A stiff spring will undergo faster dampening than a less stiff spring of the same length because it has a higher spring constant. This means that it requires more force to displace it and therefore will not undergo the same displacement as the looser spring. Because the mass attached to it will have less displacement, this means that the gravitational potential energy, as well as the kinetic energy will be lower then the loose spring. If there is less energy in the spring then there is less to be lost due to friction in the spring and the air.
Assuming that both springs encounter the same amount of friction, it will take longer for this friction to slow down the loose spring. This is due to the fact that less force is needed to extend it the same length as the stiff spring. If the same mass is attached then the loose spring will extend further because of it's lower spring force constant (k) therefore creating a higher gravitational potential energy and kinetic energy, as it has a greater displacement. Because there is more energy to be lost, the looser spring will take a longer time to stop completely, thus meaning that the stiffer a spring is, the faster the damping.
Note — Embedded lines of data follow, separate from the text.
lemma leaf_in_other_child:
  assumes C: "C \<in> T" and u: "u \<in> C" and v: "v \<in> C" and uv: "mrca T u v \<noteq> C"
  shows "\<exists>w\<in>C. mrca T u w = C \<and> mrca T v w = C"
proof -
  obtain a b where ab: "a \<in> C" "b \<in> C" "mrca T a b = C"
    using least_clade_is_mrca[OF C order.refl clade_card[OF C]] by blast
  have "mrca T a u = C \<or> mrca T b u = C"
    by (rule mrca_separates_third[OF C ab(1,2) u ab(3)])
  then have "mrca T u a = C \<or> mrca T u b = C"
    by (simp add: mrca_commute[of T u])
  then obtain w where w: "w \<in> C" "mrca T u w = C"
  proof
    assume "mrca T u a = C"
    then show thesis
      by (rule that[OF ab(1)])
  next
    assume "mrca T u b = C"
    then show thesis
      by (rule that[OF ab(2)])
  qed
  have "mrca T u v = C \<or> mrca T w v = C"
    by (rule mrca_separates_third[OF C u w(1) v w(2)])
  with uv have "mrca T v w = C"
    using mrca_commute[of T w v] by simp
  with w show ?thesis
    by blast
qed

end
(* Under Yalcin's semantics, the following formulas are valid for all formulas $\varphi,\alpha,\beta$ of $\mathcal{L}(\Rightarrow)$ and every nonmodal formula $\pi$: A1: $(\varphi\Rightarrow\pi)\leftrightarrow\Box(\varphi\to\pi)$; A2: $(\varphi\Rightarrow(\alpha\wedge\beta))\leftrightarrow((\varphi\Rightarrow\alpha)\wedge(\varphi\Rightarrow\beta))$; A3: $(\varphi\Rightarrow(\alpha\vee\Box\beta))\leftrightarrow((\varphi\Rightarrow\alpha)\vee(\varphi\Rightarrow\beta))$; A4: $(\varphi\Rightarrow(\alpha\vee\Diamond\beta))\leftrightarrow((\varphi\Rightarrow\alpha)\vee\neg(\varphi\Rightarrow\neg\beta))$.
   Context: The language $\mathcal{L}(\Rightarrow)$ is given by $\varphi::= p\mid \neg\varphi\mid (\varphi\wedge\varphi)\mid \Box\varphi \mid (\varphi\Rightarrow\varphi)$, with $p$ ranging over a fixed set of propositional variables; $\vee,\to,\leftrightarrow,\bot$ as usual and $\Diamond\varphi:=\neg\Box\neg\varphi$. A formula is nonmodal if it contains neither $\Rightarrow$ nor $\Box$. A model is $\mathcal{M}=\langle W,V\rangle$ with $W$ nonempty and $V$ assigning each propositional variable a subset of $W$. Yalcin's semantics: for $w\in W$, $X\subseteq W$: $\mathcal{M},w,X\vDash p$ iff $w\in V(p)$; $\neg,\wedge$ Boolean; $\mathcal{M},w,X\vDash\Box\varphi$ iff $\mathcal{M},v,X\vDash\varphi$ for all $v\in X$; $\mathcal{M},w,X\vDash\varphi\Rightarrow\psi$ iff $\mathcal{M},w,\llbracket\varphi\rrbracket^{\mathcal{M},X}\vDash\Box\psi$, where $\llbracket\varphi\rrbracket^{\mathcal{M},X}=\{v\in X\mid\mathcal{M},v,X\vDash\varphi\}$. A formula is valid iff it is true at every $w\in W$ relative to every $X\subseteq W$ in every model. *)

theory Defs
  imports Main
begin

datatype 'p fm =
    Var 'p
  | Neg "'p fm"
  | Conj "'p fm" "'p fm"
  | Box "'p fm"
  | Imp "'p fm" "'p fm"   (* the indicative conditional \<Rightarrow> *)

definition Disj :: "'p fm \<Rightarrow> 'p fm \<Rightarrow> 'p fm" where
  "Disj a b = Neg (Conj (Neg a) (Neg b))"
definition Impl :: "'p fm \<Rightarrow> 'p fm \<Rightarrow> 'p fm" where
  "Impl a b = Neg (Conj a (Neg b))"
definition Iff :: "'p fm \<Rightarrow> 'p fm \<Rightarrow> 'p fm" where
  "Iff a b = Conj (Impl a b) (Impl b a)"
definition Dia :: "'p fm \<Rightarrow> 'p fm" where
  "Dia a = Neg (Box (Neg a))"

fun nonmodal :: "'p fm \<Rightarrow> bool" where
  "nonmodal (Var p) = True"
| "nonmodal (Neg a) = nonmodal a"
| "nonmodal (Conj a b) = (nonmodal a \<and> nonmodal b)"
| "nonmodal (Box a) = False"
| "nonmodal (Imp a b) = False"

fun sat :: "'w set \<Rightarrow> ('p \<Rightarrow> 'w set) \<Rightarrow> 'w \<Rightarrow> 'w set \<Rightarrow> 'p fm \<Rightarrow> bool" where
  "sat W V w X (Var p) = (w \<in> V p)"
| "sat W V w X (Neg a) = (\<not> sat W V w X a)"
| "sat W V w X (Conj a b) = (sat W V w X a \<and> sat W V w X b)"
| "sat W V w X (Box a) = (\<forall>v\<in>X. sat W V v X a)"
| "sat W V w X (Imp a b) =
     (let Y = {v \<in> X. sat W V v X a} in \<forall>v\<in>Y. sat W V v Y b)"

definition is_model :: "'w set \<Rightarrow> ('p \<Rightarrow> 'w set) \<Rightarrow> bool" where
  "is_model W V \<longleftrightarrow> W \<noteq> {} \<and> (\<forall>p. V p \<subseteq> W)"

definition valid :: "'w itself \<Rightarrow> 'p fm \<Rightarrow> bool" where
  "valid _ phi \<longleftrightarrow> (\<forall>(W::'w set) V w X. is_model W V \<and> w \<in> W \<and> X \<subseteq> W \<longrightarrow> sat W V w X phi)"

end

theory Submission
  imports Defs
begin

text \<open>A conditional \<open>\<phi> \<Rightarrow> \<psi>\<close> is the necessity of \<open>\<psi>\<close> in the information state
  \<open>X\<close> updated with \<open>\<phi>\<close>. Hence it suffices to study \<open>\<box>\<close> in a fixed state. There a
  nonmodal formula does not see the state at all, so \<open>\<box>\<close> commutes with restricting the
  state (A1); \<open>\<box>\<close> distributes over conjunction (A2); and a modal formula \<open>\<box>\<beta>\<close> or
  \<open>\<diamond>\<beta>\<close> has the same truth value at every world of the state, so it can be pulled out
  of the scope of \<open>\<box>\<close> as a disjunct (A3, A4).\<close>

lemma sat_Impl [simp]: "sat W V w X (Impl a b) \<longleftrightarrow> (sat W V w X a \<longrightarrow> sat W V w X b)"
  by (simp add: Impl_def)

lemma sat_Disj [simp]: "sat W V w X (Disj a b) \<longleftrightarrow> sat W V w X a \<or> sat W V w X b"
  by (simp add: Disj_def)

lemma sat_Iff [simp]: "sat W V w X (Iff a b) \<longleftrightarrow> (sat W V w X a \<longleftrightarrow> sat W V w X b)"
  by (auto simp add: Iff_def)

lemma sat_Dia [simp]: "sat W V w X (Dia a) \<longleftrightarrow> (\<exists>v\<in>X. sat W V v X a)"
  by (simp add: Dia_def)

lemma sat_Imp_eq_Box:
  "sat W V w X (Imp a b) \<longleftrightarrow> sat W V w {v \<in> X. sat W V v X a} (Box b)"
  by (simp add: Let_def)

lemma valid_Iff_if_equivalent:
  assumes "\<And>(W :: 'w set) V w X. sat W V w X a \<longleftrightarrow> sat W V w X b"
  shows "valid TYPE('w) (Iff a b)"
  using assms by (simp add: valid_def)

lemma nonmodal_sat_state_indep:
  "nonmodal a \<Longrightarrow> sat W V w X a \<longleftrightarrow> sat W V w Y a"
  by (induction a) auto

lemma sat_Box_restrict_nonmodal:
  assumes "nonmodal b"
  shows "sat W V w {v \<in> X. sat W V v X a} (Box b) \<longleftrightarrow> sat W V w X (Box (Impl a b))"
  using nonmodal_sat_state_indep [OF assms, of W V _ "{v \<in> X. sat W V v X a}" X] by auto

lemma sat_Box_Conj: "sat W V w X (Box (Conj a b)) \<longleftrightarrow> sat W V w X (Box a) \<and> sat W V w X (Box b)"
  by auto

lemma sat_Box_Disj_Box:
  "sat W V w X (Box (Disj a (Box b))) \<longleftrightarrow> sat W V w X (Box a) \<or> sat W V w X (Box b)"
  by auto

lemma sat_Box_Disj_Dia:
  "sat W V w X (Box (Disj a (Dia b))) \<longleftrightarrow> sat W V w X (Box a) \<or> sat W V w X (Dia b)"
  by auto

lemma valid_Imp_nonmodal:
  "nonmodal \<pi> \<Longrightarrow> valid TYPE('w) (Iff (Imp \<phi> \<pi>) (Box (Impl \<phi> \<pi>)))"
  by (intro valid_Iff_if_equivalent) (simp only: sat_Imp_eq_Box sat_Box_restrict_nonmodal)

lemma valid_Imp_Conj:
  "valid TYPE('w) (Iff (Imp \<phi> (Conj \<alpha> \<beta>)) (Conj (Imp \<phi> \<alpha>) (Imp \<phi> \<beta>)))"
  by (intro valid_Iff_if_equivalent) (simp only: sat_Imp_eq_Box sat_Box_Conj sat.simps(3))

lemma valid_Imp_Disj_Box:
  "valid TYPE('w) (Iff (Imp \<phi> (Disj \<alpha> (Box \<beta>))) (Disj (Imp \<phi> \<alpha>) (Imp \<phi> \<beta>)))"
  by (intro valid_Iff_if_equivalent) (simp only: sat_Imp_eq_Box sat_Box_Disj_Box sat_Disj)

lemma valid_Imp_Disj_Dia:
  "valid TYPE('w) (Iff (Imp \<phi> (Disj \<alpha> (Dia \<beta>))) (Disj (Imp \<phi> \<alpha>) (Neg (Imp \<phi> (Neg \<beta>)))))"
  by (intro valid_Iff_if_equivalent)
    (simp only: sat_Imp_eq_Box sat_Box_Disj_Dia sat_Disj sat.simps(2), simp add: Dia_def)

theorem lemma3:
  fixes \<phi> \<alpha> \<beta> \<pi> :: "'p fm"
  assumes "nonmodal \<pi>"
  shows "valid TYPE('w) (Iff (Imp \<phi> \<pi>) (Box (Impl \<phi> \<pi>)))
       \<and> valid TYPE('w) (Iff (Imp \<phi> (Conj \<alpha> \<beta>)) (Conj (Imp \<phi> \<alpha>) (Imp \<phi> \<beta>)))
       \<and> valid TYPE('w) (Iff (Imp \<phi> (Disj \<alpha> (Box \<beta>))) (Disj (Imp \<phi> \<alpha>) (Imp \<phi> \<beta>)))
       \<and> valid TYPE('w) (Iff (Imp \<phi> (Disj \<alpha> (Dia \<beta>))) (Disj (Imp \<phi> \<alpha>) (Neg (Imp \<phi> (Neg \<beta>)))))"
  using valid_Imp_nonmodal [OF assms] valid_Imp_Conj valid_Imp_Disj_Box valid_Imp_Disj_Dia
  by blast

end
(I'm doing the same lab write-up right now, it's brutal, none of my results add up properly)

lol me too

thats so jokes, my lab data isn't adding up either lol my values for the force constant didn't fit the equation 1/ktotal=1/k1 + 1/k2 (for springs in a series, the second part in the lab) i've been doing this lab for DAYS... can anyone show me how to calculate the force constant given:
the mass on the spring
the time for 10 cycles (aka vibrations, up and downs, w/e)
the displacement from equilibrium position at each cycle

thats so jokes, my lab data isn't adding up either lol my values for the force constant didn't fit the equation 1/ktotal=1/k1 + 1/k2 (for springs in a series, the second part in the lab) i've been doing this lab for DAYS... can anyone show me how to calculate the force constant given:
the mass on the spring
the time for 10 cycles (aka vibrations, up and downs, w/e)
the displacement from equilibrium position at each cycle

What I did was use Hooke's Law: F=kx
F = mg
x = displacement of the spring, NOT the mass

from there you can solve for k to find the force constant. I figured out my data and it's all pretty close now, I only had 2 days to do it though, which sucked.

You could use Simple harmonic motion formula,

somewhere you should have been introduced to eqn like

x(t)=Asin(sqrt[k/m]*t) where sqrt(k/m)= omega,

and T (the period for one complete oscillation)=1/f where f=omega/2pi

{omega being the w looking greek letter}

BTW the displacement of mass and spring from equilibrium should always be th same but the equilibrium point may vary depending on whether say spring is horizontal or vertical.

got it.

actually I think I was looking for T= (m/k)^(1/2) since the mass is the same for both springs and the springs r of equal length, the spring constant determines the periodic time therfore a stiffer spring will stop vibrating first.

thanks 4 everyones help